lemma candidates_bound_Suc:
  assumes j: "j \<ge> 1" "r > j" and "i < m"
    and step: "candidates_bound r j m i - 1 \<le> r ^ (i choose (j - 1)) * x"
  shows "candidates_bound r j m (Suc i) \<le> x"
proof -
  define E where "E = m choose j"
  consider "Suc i < j" | "Suc i = j" | "j \<le> i"
    by linarith
  then show ?thesis
  proof cases
    case 1
    then have "i choose (j - 1) = 0"
      by simp
    then show ?thesis
      using step 1 by (simp only: power_0 mult_1) (simp add: candidates_bound_def)
  next
    case 2
    have "E \<ge> 1"
      using 2 \<open>i < m\<close> by (simp add: E_def Suc_leI)
    then have "r ^ (E - 1) * r = r ^ E"
      by (metis Suc_diff_1 less_le_trans zero_less_one power_Suc2)
    moreover have "i choose (j - 1) = 1"
      using 2 by (metis diff_Suc_1 binomial_n_n)
    ultimately have "r ^ (E - 1) * r - j \<le> r * x"
      using step 2 by (simp only: power_one_right) (simp add: candidates_bound_def E_def)
    then have "r ^ (E - 1) \<le> x"
      by (rule le_of_mult_diff_le_mult[OF j(2)])
    then show ?thesis
      using 2 by (simp add: candidates_bound_def E_def)
  next
    case 3
    define e where "e = i choose (j - 1)"
    define D where "D = E - (Suc i choose j)"
    have pascal: "Suc i choose j = (i choose j) + e"
      using j by (cases j) (simp_all add: e_def)
    have "Suc i choose j \<le> E"
      unfolding E_def using \<open>i < m\<close> by (intro binomial_right_mono) simp
    then have "candidates_bound r j m i = r ^ D * r ^ e"
      using 3 pascal by (simp add: candidates_bound_def E_def D_def power_add[symmetric])
    then have "r ^ D * r ^ e - 1 \<le> r ^ e * x"
      using step by (simp only: e_def)
    moreover have "1 < r ^ e"
      using 3 j by (intro one_less_power) (auto simp: e_def)
    ultimately have "r ^ D \<le> x"
      by (rule le_of_mult_diff_le_mult[rotated])
    then show ?thesis
      using 3 by (simp add: candidates_bound_def E_def D_def)
  qed
qed

definition end_homogeneous :: "(nat set \<Rightarrow> nat) \<Rightarrow> nat \<Rightarrow> nat set \<Rightarrow> nat set \<Rightarrow> bool" where
  "end_homogeneous c j T A \<longleftrightarrow> finite T \<and> finite A \<and> (\<forall>t\<in>T. \<forall>y\<in>A. t < y) \<and>
     (\<forall>X y y'. X \<subseteq> T \<longrightarrow> card X = j \<longrightarrow> y \<in> T \<union> A \<longrightarrow> y' \<in> T \<union> A \<longrightarrow>
        (\<forall>x\<in>X. x < y) \<longrightarrow> (\<forall>x\<in>X. x < y') \<longrightarrow> c (insert y X) = c (insert y' X))"

lemma end_homogeneousD:
  assumes "end_homogeneous c j T A" "X \<subseteq> T" "card X = j" "y \<in> T \<union> A" "y' \<in> T \<union> A"
    and "\<forall>x\<in>X. x < y" "\<forall>x\<in>X. x < y'"
  shows "c (insert y X) = c (insert y' X)"
  using assms unfolding end_homogeneous_def by blast

lemma end_homogeneous_insert:
  assumes eh: "end_homogeneous c j T A" and "a \<in> A" and a_min: "\<forall>y\<in>A. a \<le> y"
    and "A' \<subseteq> A - {a}" and j: "j \<ge> 1"
    and same: "\<And>Y y y'. Y \<subseteq> T \<Longrightarrow> card Y = j - 1 \<Longrightarrow> y \<in> A' \<Longrightarrow> y' \<in> A' \<Longrightarrow>
      c (insert y (insert a Y)) = c (insert y' (insert a Y))"
  shows "end_homogeneous c j (insert a T) A'"
proof -
  have T_below_a: "\<forall>t\<in>T. t < a"
    using eh \<open>a \<in> A\<close> by (auto simp: end_homogeneous_def)
  show ?thesis
    unfolding end_homogeneous_def
  proof (intro conjI allI impI)
    show "finite (insert a T)" "finite A'"
      using eh \<open>A' \<subseteq> A - {a}\<close> by (auto simp: end_homogeneous_def finite_subset)
    show "\<forall>t\<in>insert a T. \<forall>y\<in>A'. t < y"
      using T_below_a a_min \<open>A' \<subseteq> A - {a}\<close> by force
  next
    fix X y y'
    assume X: "X \<subseteq> insert a T" "card X = j" and y: "y \<in> insert a T \<union> A'" "y' \<in> insert a T \<union> A'"
      and Xy: "\<forall>x\<in>X. x < y" "\<forall>x\<in>X. x < y'"
    show "c (insert y X) = c (insert y' X)"
    proof (cases "a \<in> X")
      case False
      then have "X \<subseteq> T"
        using X by auto
      moreover have "y \<in> T \<union> A" "y' \<in> T \<union> A"
        using y \<open>a \<in> A\<close> \<open>A' \<subseteq> A - {a}\<close> by auto
      ultimately show ?thesis
        using end_homogeneousD[OF eh _ X(2)] Xy by blast
    next
      case True
      then have "y \<in> A'" "y' \<in> A'"
        using y Xy T_below_a by fastforce+
      moreover have "finite X"
        using X j by (metis card.infinite not_one_le_zero)
      then have "X - {a} \<subseteq> T" "card (X - {a}) = j - 1" "X = insert a (X - {a})"
        using X True by auto
      ultimately show ?thesis
        using same by metis
    qed
  qed
qed

lemma end_homogeneous_extend:
  assumes eh: "end_homogeneous c j T A" and "A \<noteq> {}" and V: "T \<union> A \<subseteq> V"
    and j: "j \<ge> 1" and r: "r \<ge> 1"
    and col: "\<forall>e. e \<subseteq> V \<and> card e = Suc j \<longrightarrow> c e < r"
  shows "\<exists>a A'. a \<in> A - T \<and> A' \<subseteq> A \<and> end_homogeneous c j (insert a T) A' \<and>
           card A - 1 \<le> r ^ (card T choose (j - 1)) * card A'"
proof -
  have fT: "finite T" and fA: "finite A" and below: "\<forall>t\<in>T. \<forall>y\<in>A. t < y"
    using eh unfolding end_homogeneous_def by blast+
  define a where "a = Min A"
  have aA: "a \<in> A" and a_min: "\<forall>y\<in>A. a \<le> y"
    using fA \<open>A \<noteq> {}\<close> by (simp_all add: a_def)
  have T_below_a: "\<forall>t\<in>T. t < a"
    using below aA by blast
  define Ys where "Ys = {Y. Y \<subseteq> T \<and> card Y = j - 1}"
  define C where "C = Ys \<rightarrow>\<^sub>E {..<r}"
  \<comment> \<open>classify each remaining candidate by the colours it induces on the \<open>j\<close>-sets of \<open>insert a T\<close> containing \<open>a\<close>\<close>
  define \<sigma> where "\<sigma> y = restrict (\<lambda>Y. c (insert y (insert a Y))) Ys" for y
  have \<sigma>: "\<sigma> \<in> A - {a} \<rightarrow> C"
  proof
    fix y assume y: "y \<in> A - {a}"
    have "c (insert y (insert a Y)) < r" if Y: "Y \<in> Ys" for Y
    proof -
      have "finite Y" "Y \<subseteq> T" "card Y = j - 1"
        using Y fT by (auto simp: Ys_def finite_subset)
      moreover have "y \<notin> insert a Y" "a \<notin> Y"
        using y \<open>Y \<subseteq> T\<close> T_below_a a_min by fastforce+
      ultimately have "card (insert y (insert a Y)) = Suc j"
        using j by simp
      moreover have "insert y (insert a Y) \<subseteq> V"
        using V y aA \<open>Y \<subseteq> T\<close> by auto
      ultimately show ?thesis
        using col by blast
    qed
    then show "\<sigma> y \<in> C"
      by (auto simp: \<sigma>_def C_def)
  qed
  have "finite Ys"
    using fT by (simp add: Ys_def)
  then have "finite C" "C \<noteq> {}" "card C = r ^ (card T choose (j - 1))"
    using r fT by (auto simp: C_def finite_PiE PiE_eq_empty_iff lessThan_empty_iff card_PiE Ys_def n_subsets)
  then obtain v where v: "card (A - {a}) \<le> card (\<sigma> -` {v} \<inter> (A - {a})) * card C"
    using pigeonhole_card[OF \<sigma>] fA by auto
  define A' where "A' = \<sigma> -` {v} \<inter> (A - {a})"
  have "card A - 1 \<le> r ^ (card T choose (j - 1)) * card A'"
    using v aA fA \<open>card C = _\<close> by (simp add: A'_def mult.commute)
  moreover have "end_homogeneous c j (insert a T) A'"
  proof (rule end_homogeneous_insert[OF eh aA a_min _ j])
    show "A' \<subseteq> A - {a}"
      by (auto simp: A'_def)
    fix Y y y' assume "Y \<subseteq> T" "card Y = j - 1" "y \<in> A'" "y' \<in> A'"
    then have "Y \<in> Ys" "\<sigma> y = \<sigma> y'"
      by (simp_all add: Ys_def A'_def)
    then show "c (insert y (insert a Y)) = c (insert y' (insert a Y))"
      by (metis \<sigma>_def restrict_apply')
  qed
  moreover have "A' \<subseteq> A" "a \<notin> T"
    using T_below_a by (auto simp: A'_def)
  ultimately show ?thesis
    using aA by blast
qed

lemma end_homogeneous_exists:
  assumes j: "j \<ge> 1" "r > j" "m \<ge> j"
    and col: "\<forall>e. e \<subseteq> {..<r ^ (m choose j)} \<and> card e = Suc j \<longrightarrow> c e < r"
  shows "\<exists>T A. end_homogeneous c j T A \<and> T \<union> A \<subseteq> {..<r ^ (m choose j)} \<and> card T = m \<and> A \<noteq> {}"
proof -
  define V where "V = {..<r ^ (m choose j)}"
  have "\<exists>T A. end_homogeneous c j T A \<and> T \<union> A \<subseteq> V \<and> card T = i \<and>
          candidates_bound r j m i \<le> card A" if "i \<le> m" for i
    using that
  proof (induction i)
    case 0
    have "end_homogeneous c j {} V"
      using j by (simp add: end_homogeneous_def V_def)
    then show ?case
      using j by (fastforce simp: candidates_bound_def V_def)
  next
    case (Suc i)
    then obtain T A where TA: "end_homogeneous c j T A" "T \<union> A \<subseteq> V" "card T = i"
        "candidates_bound r j m i \<le> card A"
      by auto
    moreover have "A \<noteq> {}"
      using TA(4) candidates_bound_pos[OF j, of i] Suc.prems by auto
    ultimately obtain a A' where a: "a \<in> A - T" "A' \<subseteq> A" "end_homogeneous c j (insert a T) A'"
        "card A - 1 \<le> r ^ (i choose (j - 1)) * card A'"
      using end_homogeneous_extend[of c j T A V r] j col by (auto simp: V_def)
    have "candidates_bound r j m (Suc i) \<le> card A'"
      using candidates_bound_Suc[OF j(1,2)] Suc.prems TA(4) a(4) by (meson Suc_le_lessD diff_le_mono le_trans)
    moreover have "card (insert a T) = Suc i"
      using a(1) TA(1,3) by (simp add: end_homogeneous_def)
    ultimately show ?case
      using a TA(2) by blast
  qed
  from this[of m] obtain T A where "end_homogeneous c j T A" "T \<union> A \<subseteq> V" "card T = m"
      "candidates_bound r j m m \<le> card A"
    by blast
  moreover have "A \<noteq> {}"
    using \<open>candidates_bound r j m m \<le> card A\<close> candidates_bound_pos[OF j, of m] by auto
  ultimately show ?thesis
    unfolding V_def by blast
qed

——

▶ **Task brief**: Your answer should be all lines from the data that contain "define".

▶ **Response**:
  define E where "E = m choose j"
    define e where "e = i choose (j - 1)"
    define D where "D = E - (Suc i choose j)"
  define a where "a = Min A"
  define Ys where "Ys = {Y. Y \<subseteq> T \<and> card Y = j - 1}"
  define C where "C = Ys \<rightarrow>\<^sub>E {..<r}"
  define \<sigma> where "\<sigma> y = restrict (\<lambda>Y. c (insert y (insert a Y))) Ys" for y
  define A' where "A' = \<sigma> -` {v} \<inter> (A - {a})"
  define V where "V = {..<r ^ (m choose j)}"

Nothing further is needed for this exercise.